The most ominous concern with neuralgia in the setting of a skin cancer is perineural invasion (PNI). Perineural invasion can present with sensory symptoms further away from direct cancer invasion. Example of such high risk presentations is a lower lip carcinoma with mental nerve neuralgia. One of the most dramatic cases I have seen involved forehead or temple squamous cell carcinomas with subtle periorbital neuralgias. These patients presented within a couple of months with periorbital, intraorbital, and intracranial metastases.

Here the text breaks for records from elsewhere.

(* Let $n,b$ be integers with $1<n<b$, let $C$ be an $(n,b)$-permutiple class, and let $G_C$ be its graph. The following statements are equivalent: (1) $\overline{G}_C$ is the graph of a permutiple class, i.e. there is an $(n,b)$-permutiple $q$ with $G_q=\overline{G}_C$; (2) the state $0$ is a vertex of $\overline{\Gamma}_C$; (3) the state $n-1$ is a vertex of $\Gamma_C$.
   Context: For digits $0\le d_j<b$, $(d_k,\ldots,d_0)_b$ denotes $\sum_{j=0}^k d_jb^j$ (leading zero digits allowed). For a permutation $\sigma$ of $\{0,\ldots,k\}$, $(d_k,\ldots,d_0)_b$ is an $(n,b,\sigma)$-permutiple if $(d_k,\ldots,d_0)_b=n\cdot(d_{\sigma(k)},\ldots,d_{\sigma(0)})_b$, and an $(n,b)$-permutiple if this holds for some $\sigma$. The graph $G_p$ of such a $p$ is the directed graph with vertex set $\{0,\ldots,b-1\}$ and edge set $\{(d_j,d_{\sigma(j)})\mid 0\le j\le k\}$. The class of an $(n,b)$-permutiple $p$ is the set $C$ of all $(n,b)$-permutiples $q$ with $G_q$ a subgraph of $G_p$; its graph is $G_C=G_p$. For a digit $d$ put $\overline d=b-1-d$, for a state $c\in\{0,\ldots,n-1\}$ put $\overline c=n-1-c$. The reflection $\overline{G}$ of a directed graph $G$ on $\{0,\ldots,b-1\}$ has the same vertices and edges $(\overline{d}_1,\overline{d}_2)$ for edges $(d_1,d_2)$ of $G$. Let $\lambda(x)$ be the least non-negative residue of $x$ mod $b$; the mother graph $M$ is the directed graph on $\{0,\ldots,b-1\}$ with edges the pairs $(d_1,d_2)$ with $\lambda(d_1+(b-n)d_2)\le n-1$. The Hoey-Sloane graph $\Gamma$ is the edge-labelled directed graph on states $\{0,\ldots,n-1\}$ in which $(c_1,c_2)$ is an edge labelled by every edge $(d_1,d_2)$ of $M$ with $n d_2-d_1+c_1=bc_2$ (an edge exists iff there is at least one such label). The cycle image of a directed cycle $C_0$ of $M$ is the edge-labelled subgraph of $\Gamma$ with edges the $(c_1,c_2)$ for which $\{(d_1,d_2)\in C_0\mid n d_2-d_1+c_1=bc_2\}$ is nonempty, labelled by this set, and vertices the endpoints of these edges. $\Gamma_C$ is the union (of vertices, edges and labels) of the cycle images of the directed cycles of $M$ contained in $G_C$. The reflection $\overline{\Gamma}_C$ has vertices $\overline{c}$, edges $(\overline{c}_1,\overline{c}_2)$ and labels $(\overline{d}_1,\overline{d}_2)$ for the vertices $c$, edges $(c_1,c_2)$ and labels $(d_1,d_2)$ of $\Gamma_C$. *)

theory Defs
  imports "HOL-Combinatorics.Permutations"
begin

text \<open>A digit string (d_k,...,d_0)_b is given by k and a function d :: nat => nat
  (only the values d j for j \<le> k matter).\<close>

definition digval :: "nat \<Rightarrow> nat \<Rightarrow> (nat \<Rightarrow> nat) \<Rightarrow> nat" where
  "digval b k d = (\<Sum>j = 0..k. d j * b ^ j)"

definition is_permutiple_sigma :: "nat \<Rightarrow> nat \<Rightarrow> nat \<Rightarrow> (nat \<Rightarrow> nat) \<Rightarrow> (nat \<Rightarrow> nat) \<Rightarrow> bool" where
  "is_permutiple_sigma n b k d \<sigma> \<longleftrightarrow>
     (\<forall>j\<le>k. d j < b) \<and> \<sigma> permutes {0..k} \<and>
     digval b k d = n * digval b k (d \<circ> \<sigma>)"

definition perm_graph :: "nat \<Rightarrow> (nat \<Rightarrow> nat) \<Rightarrow> (nat \<Rightarrow> nat) \<Rightarrow> (nat \<times> nat) set" where
  "perm_graph k d \<sigma> = {(d j, d (\<sigma> j)) | j. j \<le> k}"

definition dbar :: "nat \<Rightarrow> nat \<Rightarrow> nat" where
  "dbar b x = b - 1 - x"

definition reflect_graph :: "nat \<Rightarrow> (nat \<times> nat) set \<Rightarrow> (nat \<times> nat) set" where
  "reflect_graph b G = {(dbar b d1, dbar b d2) | d1 d2. (d1, d2) \<in> G}"

definition mother_graph :: "nat \<Rightarrow> nat \<Rightarrow> (nat \<times> nat) set" where
  "mother_graph n b = {(d1, d2). d1 < b \<and> d2 < b \<and> (d1 + (b - n) * d2) mod b \<le> n - 1}"

definition cycle_edges :: "nat list \<Rightarrow> (nat \<times> nat) set" where
  "cycle_edges vs = {(vs ! i, vs ! ((i + 1) mod length vs)) | i. i < length vs}"

definition is_dcycle :: "(nat \<times> nat) set \<Rightarrow> nat list \<Rightarrow> bool" where
  "is_dcycle E vs \<longleftrightarrow> vs \<noteq> [] \<and> distinct vs \<and> cycle_edges vs \<subseteq> E"

definition cycle_image :: "nat \<Rightarrow> nat \<Rightarrow> (nat \<times> nat) set \<Rightarrow> (nat \<times> nat \<times> (nat \<times> nat)) set" where
  "cycle_image n b C0 = {(c1, c2, (d1, d2)) | c1 c2 d1 d2.
      c1 < n \<and> c2 < n \<and> (d1, d2) \<in> C0 \<and>
      int n * int d2 - int d1 + int c1 = int b * int c2}"

definition Gamma_lab :: "nat \<Rightarrow> nat \<Rightarrow> (nat \<times> nat) set \<Rightarrow> (nat \<times> nat \<times> (nat \<times> nat)) set" where
  "Gamma_lab n b G = (\<Union>vs \<in> {vs. is_dcycle (mother_graph n b) vs \<and> cycle_edges vs \<subseteq> G}.
                         cycle_image n b (cycle_edges vs))"

definition lab_vertices :: "(nat \<times> nat \<times> (nat \<times> nat)) set \<Rightarrow> nat set" where
  "lab_vertices L = {c1 | c1 c2 l. (c1, c2, l) \<in> L} \<union> {c2 | c1 c2 l. (c1, c2, l) \<in> L}"

definition lab_edges :: "(nat \<times> nat \<times> (nat \<times> nat)) set \<Rightarrow> (nat \<times> nat) set" where
  "lab_edges L = {(c1, c2) | c1 c2 l. (c1, c2, l) \<in> L}"

definition reflect_lab :: "nat \<Rightarrow> nat \<Rightarrow> (nat \<times> nat \<times> (nat \<times> nat)) set \<Rightarrow> (nat \<times> nat \<times> (nat \<times> nat)) set" where
  "reflect_lab n b L = {(n - 1 - c1, n - 1 - c2, (dbar b d1, dbar b d2)) | c1 c2 d1 d2. (c1, c2, (d1, d2)) \<in> L}"

end

theory Submission
  imports Defs "HOL-Library.Transitive_Closure_Table"
begin

(* Write x = (d_k,...,d_0)_b and y = (d_sigma(k),...,d_sigma(0))_b, so x = n y. Schoolbook
   multiplication of y by n has carries c_0 = 0, ..., c_(k+1) = 0 in {0..n-1} with
   n y_j + c_j = x_j + b c_(j+1), so (c_j, c_(j+1)) is a Hoey-Sloane edge labelled by the edge
   (d_j, d_sigma(j)) of G_C. As sigma is a permutation, every edge of G_C lies on a directed cycle
   of G_C, which is contained in M; hence Gamma_C is the cycle image of all of G_C, and since the
   carry equation determines the states of an edge from its label, these states are carries of p.
   The reflection (c, d) |-> (n-1-c, b-1-d) preserves the carry equation. Hence if q has graph
   the reflection of G_C, the vertex 0 = c_0 of Gamma_q is the image of a vertex n-1 of Gamma_C.
   Conversely, a carry c_m = n-1 means that the m lowest digits satisfy n y' - x' = (n-1) b^m;
   rotating the digits by m places and complementing them then turns p into a permutiple whose
   graph is the reflection of G_C. *)

definition low_value :: "nat \<Rightarrow> (nat \<Rightarrow> nat) \<Rightarrow> nat \<Rightarrow> int" where
  "low_value b x j = (\<Sum>i<j. int (x i) * int b ^ i)"

lemma low_value_0 [simp]: "low_value b x 0 = 0"
  by (simp add: low_value_def)

lemma low_value_Suc: "low_value b x (Suc j) = low_value b x j + int (x j) * int b ^ j"
  by (simp add: low_value_def)

lemma low_value_cong:
  "(\<And>i. i < j \<Longrightarrow> x i = x' i) \<Longrightarrow> low_value b x j = low_value b x' j"
  by (simp add: low_value_def)

lemma low_value_nonneg: "0 \<le> low_value b x j"
  by (simp add: low_value_def sum_nonneg)

lemma low_value_less:
  assumes "\<And>i. i < j \<Longrightarrow> x i < b"
  shows "low_value b x j < int b ^ j"
  using assms
proof (induction j)
  case 0
  then show ?case by simp
next
  case (Suc j)
  then have "int (x j) * int b ^ j \<le> (int b - 1) * int b ^ j"
    by (intro mult_right_mono) auto
  moreover have "low_value b x j < int b ^ j"
    using Suc by simp
  ultimately show ?case
    by (simp add: low_value_Suc algebra_simps)
qed

lemma low_value_add:
  "low_value b x (m + t) = low_value b x m + int b ^ m * low_value b (\<lambda>i. x (i + m)) t"
  by (induction t) (simp_all add: low_value_Suc algebra_simps power_add)

lemma digval_eq_low_value: "int (digval b k x) = low_value b x (Suc k)"
  by (simp add: digval_def low_value_def atLeast0AtMost lessThan_Suc_atMost)

lemma low_value_rotate:
  assumes "m \<le> N"
  shows "low_value b (\<lambda>i. x ((i + m) mod N)) N
    = low_value b (\<lambda>i. x (i + m)) (N - m) + int b ^ (N - m) * low_value b x m"
proof -
  have "low_value b (\<lambda>i. x ((i + m) mod N)) (N - m) = low_value b (\<lambda>i. x (i + m)) (N - m)"
    by (rule low_value_cong) simp
  moreover have "low_value b (\<lambda>i. x ((i + (N - m) + m) mod N)) m = low_value b x m"
    using assms by (intro low_value_cong) simp
  ultimately show ?thesis
    using low_value_add[of b "\<lambda>i. x ((i + m) mod N)" "N - m" m] assms by simp
qed

lemma low_value_complement:
  assumes "\<And>i. i < N \<Longrightarrow> x i < b"
  shows "low_value b (\<lambda>i. dbar b (x i)) N = int b ^ N - 1 - low_value b x N"
  using assms
proof (induction N)
  case 0
  then show ?case by simp
next
  case (Suc N)
  then have "x N < b"
    by simp
  then have dbar_int: "int (dbar b (x N)) = int b - 1 - int (x N)"
    by (simp add: dbar_def)
  have "int (dbar b (x N)) * int b ^ N = int b ^ Suc N - int b ^ N - int (x N) * int b ^ N"
    unfolding dbar_int by (simp add: algebra_simps)
  with Suc show ?case
    by (simp add: low_value_Suc)
qed

locale digit_multiple =
  fixes n b N :: nat and x y :: "nat \<Rightarrow> nat"
  assumes n_pos: "0 < n"
    and x_digits: "\<And>i. i < N \<Longrightarrow> x i < b"
    and y_digits: "\<And>i. i < N \<Longrightarrow> y i < b"
    and multiple: "low_value b x N = int n * low_value b y N"
begin

definition carry :: "nat \<Rightarrow> nat" where
  "carry j = nat ((int n * low_value b y j - low_value b x j) div int b ^ j)"

lemma power_base_pos:
  assumes "j \<le> N"
  shows "0 < int b ^ j"
proof (cases j)
  case (Suc i)
  then have "x 0 < b"
    using x_digits assms by simp
  then show ?thesis
    by simp
qed simp

lemma carry_eq_and_less:
  assumes "j \<le> N"
  shows "int n * low_value b y j - low_value b x j = int (carry j) * int b ^ j \<and> carry j < n"
proof -
  define h where "h = low_value b (\<lambda>i. x (i + j)) (N - j)
    - int n * low_value b (\<lambda>i. y (i + j)) (N - j)"
  have split: "low_value b z N
      = low_value b z j + int b ^ j * low_value b (\<lambda>i. z (i + j)) (N - j)" for z
    using low_value_add[of b z j "N - j"] assms by simp
  have eq: "int n * low_value b y j - low_value b x j = h * int b ^ j"
    using multiple split[of x] split[of y] by (simp add: h_def algebra_simps)
  have pos: "0 < int b ^ j"
    using power_base_pos[OF assms] .
  have lx: "low_value b x j < int b ^ j" and ly: "low_value b y j < int b ^ j"
    using low_value_less[of j x b] low_value_less[of j y b] x_digits y_digits assms by fastforce+
  have "0 \<le> int n * low_value b y j"
    using low_value_nonneg[of b y j] by simp
  then have "(-1) * int b ^ j < h * int b ^ j"
    using eq lx by linarith
  then have "-1 < h"
    by (simp only: mult_less_cancel_right_pos[OF pos])
  have "int n * low_value b y j < int n * int b ^ j"
    using ly n_pos by simp
  then have "h * int b ^ j < int n * int b ^ j"
    using eq low_value_nonneg[of b x j] by linarith
  then have "h < int n"
    by (simp only: mult_less_cancel_right_pos[OF pos])
  moreover have "carry j = nat h"
    unfolding carry_def eq using pos by simp
  ultimately show ?thesis
    using eq \<open>-1 < h\<close> by simp
qed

Patients presenting with neuralgias associated with skin cancer should be worked up with imaging. Ultrasound can reliably determine deeper cancer spread in the parotid gland and neck where palpation can be limited by the depth of cancer involvement. MRI is particularly useful for  the orbit, infratemporal fossa, and brain. CT is highly sensitive for bone erosion by cancers in the inferior mandibular canal and the mental nerve. 

If no gross tumor is found on imaging, the surgical management still needs to be planned with expectation of more extensive tumor spread. Mohs surgery should be planned with the back-up of an oncologic surgeon. Mohs guided wide local resection may need to be done. Patients may need to be prepared for larger reconstruction. Discussion of post-operative radiation therapy needs to occur with the patient. It has been found that evidence of microscopic nerve invasion of nerve diameter 0.1 mm or more is associated with lymphatic metastases.

Reconstruction of the defect was performed with the lateral cheek partial island fasciocutaneous flap. 

In our case, despite negative MRI and clear Mohs margins, a deeper soft tissue level was resected and submitted as FFPE histology at the time of reconstruction. Fortunately, no additional deeper cancer was found. This has been reassuring given that the patient continued to complain of infraorbital neuralgias. These were attributed to direct surgical injury and watchful waiting was the plan.